What about that stereotype about black people who like fried chicken?

I asked Claire Schmidt for help. She is a professor at the University of Missouri and studies race and folklore. Schmidt said chickens had long been a part of Southern diets, but had a special use for slaves. They were cheap, easy to feed, and a good source of meat.

But then, says Schmidt, came Birth of a nation.

DW Griffith’s seminal and wildly racist 1915 silent film about the supposedly heroic founding of the Ku Klux Klan caused a stir upon its debut. A scene within three hours features a group of actors portraying unchanged black elected officials acting loudly and rudely in a legislative hall. (The message to the audience: These are the dangers of letting black people vote.) Some lawmakers are shown drinking. Others had their feet stomped on their desks. And one of them was ostentatiously eating fried chicken.

“That image really reinforced how white people thought about black people and fried chicken,” Schmidt said.

Schmidt said that like watermelon, that other food that has been a mainstay of racist portrayals of black people, chicken was also a good vehicle for racism because of the way people eat it. (According to government statistics, black people are underrepresented among watermelon consumers.) “It’s a food you eat with your hands, and so it’s dirty,” Schmidt said. “Table manners are a way of determining who is worthy of respect or not.”

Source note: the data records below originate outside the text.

(* Let $g\ge1$ and $n\ge3$. Let $H$ be a group and $\lambda:B_n(\Sigma_g)\to H$ a surjective homomorphism such that $\lambda(\iota_n(B_n))$ is isomorphic to $\mathbb{Z}$. Then there is an isomorphism $\iota:H\to B_n(\Sigma_g)/\Gamma_3(B_n(\Sigma_g))$ such that $\iota\circ\lambda$ sends each generator $\sigma_1,\dots,\sigma_{n-1},a_1,b_1,\dots,a_g,b_g$ of $B_n(\Sigma_g)$ to its class in $B_n(\Sigma_g)/\Gamma_3(B_n(\Sigma_g))$.
   Context: $\Sigma_g$: compact connected orientable surface of genus $g\ge1$ with one boundary component; $B_n(\Sigma_g)=\pi_1(F_n(\Sigma_g)/S_n)$; $\Gamma_1(G)=G$, $\Gamma_i(G)=[G,\Gamma_{i-1}(G)]$. $\iota_n:B_n\to B_n(\Sigma_g)$ is the (injective) homomorphism induced by an embedding of a disc in $\Sigma_g$; its image is the subgroup generated by $\sigma_1,\dots,\sigma_{n-1}$. $B_n(\Sigma_g)$ has the presentation with generators $\sigma_1,\dots,\sigma_{n-1},a_1,b_1,\dots,a_g,b_g$ and relations: $\sigma_i\sigma_j=\sigma_j\sigma_i$ for $|i-j|\ge2$; $\sigma_i\sigma_{i+1}\sigma_i=\sigma_{i+1}\sigma_i\sigma_{i+1}$ for $1\le i\le n-2$; $c\sigma_j=\sigma_jc$ for $c\in\{a_i,b_i\}$, $j\ge2$; $c\sigma_1c\sigma_1=\sigma_1c\sigma_1c$ for $c\in\{a_i,b_i\}$; $a_i\sigma_1b_i=\sigma_1b_i\sigma_1a_i\sigma_1$; $c_i(\sigma_1^{-1}c_j\sigma_1)=(\sigma_1^{-1}c_j\sigma_1)c_i$ for $c_i\in\{a_i,b_i\}$, $c_j\in\{a_j,b_j\}$, $1\le j<i\le g$. *)

theory Defs
  imports "HOL-Algebra.Algebra"
begin

text \<open>A letter is a generator together with a flag; (x, False) stands for x, (x, True) for x^-1.
  Words are lists of letters.\<close>

type_synonym 'a word = "('a \<times> bool) list"

definition inv_letter :: "'a \<times> bool \<Rightarrow> 'a \<times> bool" where
  "inv_letter l = (fst l, \<not> snd l)"

definition word_inv :: "'a word \<Rightarrow> 'a word" where
  "word_inv w = rev (map inv_letter w)"

definition gen_word :: "'a \<Rightarrow> 'a word" where
  "gen_word x = [(x, False)]"

inductive_set pres_rel :: "'a set \<Rightarrow> 'a word set \<Rightarrow> ('a word \<times> 'a word) set"
  for S :: "'a set" and R :: "'a word set" where
  refl: "set w \<subseteq> S \<times> UNIV \<Longrightarrow> (w, w) \<in> pres_rel S R"
| sym: "(u, v) \<in> pres_rel S R \<Longrightarrow> (v, u) \<in> pres_rel S R"
| trans: "(u, v) \<in> pres_rel S R \<Longrightarrow> (v, w) \<in> pres_rel S R \<Longrightarrow> (u, w) \<in> pres_rel S R"
| relator: "set u \<subseteq> S \<times> UNIV \<Longrightarrow> set v \<subseteq> S \<times> UNIV \<Longrightarrow> r \<in> R \<Longrightarrow> set r \<subseteq> S \<times> UNIV
     \<Longrightarrow> (u @ v, u @ r @ v) \<in> pres_rel S R"
| cancel: "set u \<subseteq> S \<times> UNIV \<Longrightarrow> set v \<subseteq> S \<times> UNIV \<Longrightarrow> fst l \<in> S
     \<Longrightarrow> (u @ v, u @ [l, inv_letter l] @ v) \<in> pres_rel S R"

definition presented_group :: "'a set \<Rightarrow> 'a word set \<Rightarrow> ('a word set) monoid" where
  "presented_group S R =
     \<lparr>carrier = {pres_rel S R `` {w} | w. set w \<subseteq> S \<times> UNIV},
      monoid.mult = (\<lambda>U V. {z. \<exists>x\<in>U. \<exists>y\<in>V. (x @ y, z) \<in> pres_rel S R}),
      one = pres_rel S R `` {[]}\<rparr>"

definition word_class :: "'a set \<Rightarrow> 'a word set \<Rightarrow> 'a word \<Rightarrow> 'a word set" where
  "word_class S R w = pres_rel S R `` {w}"

datatype bgen = Sig nat | Ag nat | Bg nat

definition braid_gens :: "nat \<Rightarrow> nat \<Rightarrow> bgen set" where
  "braid_gens n g = {Sig i | i. 1 \<le> i \<and> i \<le> n - 1} \<union> {Ag i | i. 1 \<le> i \<and> i \<le> g}
                    \<union> {Bg i | i. 1 \<le> i \<and> i \<le> g}"

text \<open>A relation u = v is encoded as the relator u v^-1.\<close>

definition rel_word :: "bgen word \<Rightarrow> bgen word \<Rightarrow> bgen word" where
  "rel_word u v = u @ word_inv v"

definition braid_relators :: "nat \<Rightarrow> nat \<Rightarrow> bgen word set" where
  "braid_relators n g =
     {rel_word (gen_word (Sig i) @ gen_word (Sig j)) (gen_word (Sig j) @ gen_word (Sig i)) | i j.
        1 \<le> i \<and> i \<le> n - 1 \<and> 1 \<le> j \<and> j \<le> n - 1 \<and> (i + 2 \<le> j \<or> j + 2 \<le> i)}
   \<union> {rel_word (gen_word (Sig i) @ gen_word (Sig (i+1)) @ gen_word (Sig i))
               (gen_word (Sig (i+1)) @ gen_word (Sig i) @ gen_word (Sig (i+1))) | i.
        1 \<le> i \<and> i \<le> n - 2}
   \<union> {rel_word (gen_word c @ gen_word (Sig j)) (gen_word (Sig j) @ gen_word c) | c j.
        c \<in> {Ag i | i. 1 \<le> i \<and> i \<le> g} \<union> {Bg i | i. 1 \<le> i \<and> i \<le> g} \<and> 2 \<le> j \<and> j \<le> n - 1}
   \<union> {rel_word (gen_word c @ gen_word (Sig 1) @ gen_word c @ gen_word (Sig 1))
               (gen_word (Sig 1) @ gen_word c @ gen_word (Sig 1) @ gen_word c) | c.
        c \<in> {Ag i | i. 1 \<le> i \<and> i \<le> g} \<union> {Bg i | i. 1 \<le> i \<and> i \<le> g}}
   \<union> {rel_word (gen_word (Ag i) @ gen_word (Sig 1) @ gen_word (Bg i))
               (gen_word (Sig 1) @ gen_word (Bg i) @ gen_word (Sig 1) @ gen_word (Ag i) @ gen_word (Sig 1)) | i.
        1 \<le> i \<and> i \<le> g}
   \<union> {rel_word (gen_word ci @ word_inv (gen_word (Sig 1)) @ gen_word cj @ gen_word (Sig 1))
               (word_inv (gen_word (Sig 1)) @ gen_word cj @ gen_word (Sig 1) @ gen_word ci) | ci cj i j.
        1 \<le> j \<and> j < i \<and> i \<le> g \<and> ci \<in> {Ag i, Bg i} \<and> cj \<in> {Ag j, Bg j}}"

definition braid_group :: "nat \<Rightarrow> nat \<Rightarrow> (bgen word set) monoid" where
  "braid_group n g = presented_group (braid_gens n g) (braid_relators n g)"

definition bgen_elem :: "nat \<Rightarrow> nat \<Rightarrow> bgen \<Rightarrow> bgen word set" where
  "bgen_elem n g x = word_class (braid_gens n g) (braid_relators n g) (gen_word x)"

text \<open>The image of iota_n : B_n \<rightarrow> B_n(Sigma_g): the subgroup generated by sigma_1, ..., sigma_{n-1}.\<close>

definition iota_image :: "nat \<Rightarrow> nat \<Rightarrow> bgen word set set" where
  "iota_image n g = generate (braid_group n g) {bgen_elem n g (Sig i) | i. 1 \<le> i \<and> i \<le> n - 1}"

definition comm_subgroup :: "('a, 'b) monoid_scheme \<Rightarrow> 'a set \<Rightarrow> 'a set \<Rightarrow> 'a set" where
  "comm_subgroup G A B = generate G
     {x \<otimes>\<^bsub>G\<^esub> y \<otimes>\<^bsub>G\<^esub> inv\<^bsub>G\<^esub> x \<otimes>\<^bsub>G\<^esub> inv\<^bsub>G\<^esub> y | x y. x \<in> A \<and> y \<in> B}"

text \<open>Gamma_1(G) = G, Gamma_i(G) = [G, Gamma_{i-1}(G)]; Gamma 0 is set to G by convention.\<close>

fun lower_central :: "('a, 'b) monoid_scheme \<Rightarrow> nat \<Rightarrow> 'a set" where
  "lower_central G 0 = carrier G"
| "lower_central G (Suc 0) = carrier G"
| "lower_central G (Suc (Suc k)) = comm_subgroup G (carrier G) (lower_central G (Suc k))"

end

theory Submission
  imports Defs
begin

text \<open>
  We prove \<open>ker \<lambda> = \<Gamma>\<^sub>3\<close>; the first isomorphism theorem then yields the isomorphism
  \<open>H \<cong> B\<^sub>n(\<Sigma>\<^sub>g)/\<Gamma>\<^sub>3\<close> sending \<open>\<lambda>(x)\<close> to the coset of \<open>x\<close>.

  The development proceeds as follows.
  (1) Generic facts on groups given by generators and relators (the group structure, generation
      by the generators, the universal property) and on groups in general (twisted commutation
      \<open>a b = z b a\<close>, the first isomorphism theorem, subgroups isomorphic to \<open>\<int>\<close>).
  (2) The defining relations of \<open>B\<^sub>n(\<Sigma>\<^sub>g)\<close> as equations between elements, and the
      exponent-sum homomorphisms \<open>\<alpha>\<^sub>i, \<beta>\<^sub>i : B\<^sub>n(\<Sigma>\<^sub>g) \<rightarrow> \<int>\<close> counting \<open>a\<^sub>i\<close> resp. \<open>b\<^sub>i\<close>
      (\<open>gen_count\<close> below).
  (3) In any quotient in which the commutator \<open>[\<sigma>\<^sub>m\<^sub>+\<^sub>1, \<sigma>\<^sub>m]\<close> commutes with \<open>\<sigma>\<^sub>m\<close>, the braid
      relation forces all \<open>\<sigma>\<^sub>i\<close> to become equal.  This applies both to \<open>H\<close> (the images
      of the \<open>\<sigma>\<^sub>i\<close> lie in a copy of \<open>\<int>\<close>) and to \<open>B\<^sub>n(\<Sigma>\<^sub>g)/\<Gamma>\<^sub>3\<close>.
  (4) For any homomorphism \<open>f\<close> sending every \<open>\<sigma>\<^sub>i\<close> to one element \<open>s\<close>: \<open>s\<close> is central in the
      image, \<open>f(a\<^sub>i) f(b\<^sub>i) = s\<^sup>2 f(b\<^sub>i) f(a\<^sub>i)\<close>, and in general \<open>f(x) f(y) = s\<^sup>k f(y) f(x)\<close> with
      \<open>k\<close> given by \<open>\<alpha>\<^sub>i, \<beta>\<^sub>i\<close>.  Hence \<open>\<Gamma>\<^sub>3 \<subseteq> ker f\<close>, and elements with vanishing exponent
      sums are mapped into \<open>\<langle>s\<rangle>\<close>.
  (5) For \<open>\<lambda>\<close> the element \<open>s\<close> has infinite order, so kernel elements have vanishing exponent
      sums.  Applying (4) to the projection onto \<open>B\<^sub>n(\<Sigma>\<^sub>g)/\<Gamma>\<^sub>3\<close> places each kernel element in
      \<open>\<sigma>\<^sub>1\<^sup>k \<Gamma>\<^sub>3\<close>, and applying \<open>\<lambda>\<close> gives \<open>k = 0\<close>.
\<close>

section \<open>Groups given by generators and relators\<close>

lemma pres_rel_words:
  "(u, v) \<in> pres_rel S R \<Longrightarrow> set u \<subseteq> S \<times> UNIV \<and> set v \<subseteq> S \<times> UNIV"
  by (induction rule: pres_rel.induct) (auto simp: inv_letter_def mem_Times_iff)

But why is this idea still popular, since fried chicken is clearly a staple of the American diet? Surely KFC, Popeyes and Church’s aren’t national chains — and chicken and waffles aren’t a brunch staple — because of supposed black food obsessions.

“It’s always a way of expressing the race [contempt] without getting in serious trouble,” Schmidt said. (Among the Code Switch team, we’ve begun to refer to these types of winking statements as “racist bank swipes.”)

“How it’s possible to be both a taboo and a corporate thing shows how complicated race is in America,” Schmidt said.

It is also worth mentioning the great and very NSFW social theorist Dave Chappellewho joked that when it comes to race and food, people of color suffer from true information asymmetry.

“The only reason these things are even a problem is because nobody knows what white people eat,” Chappelle said.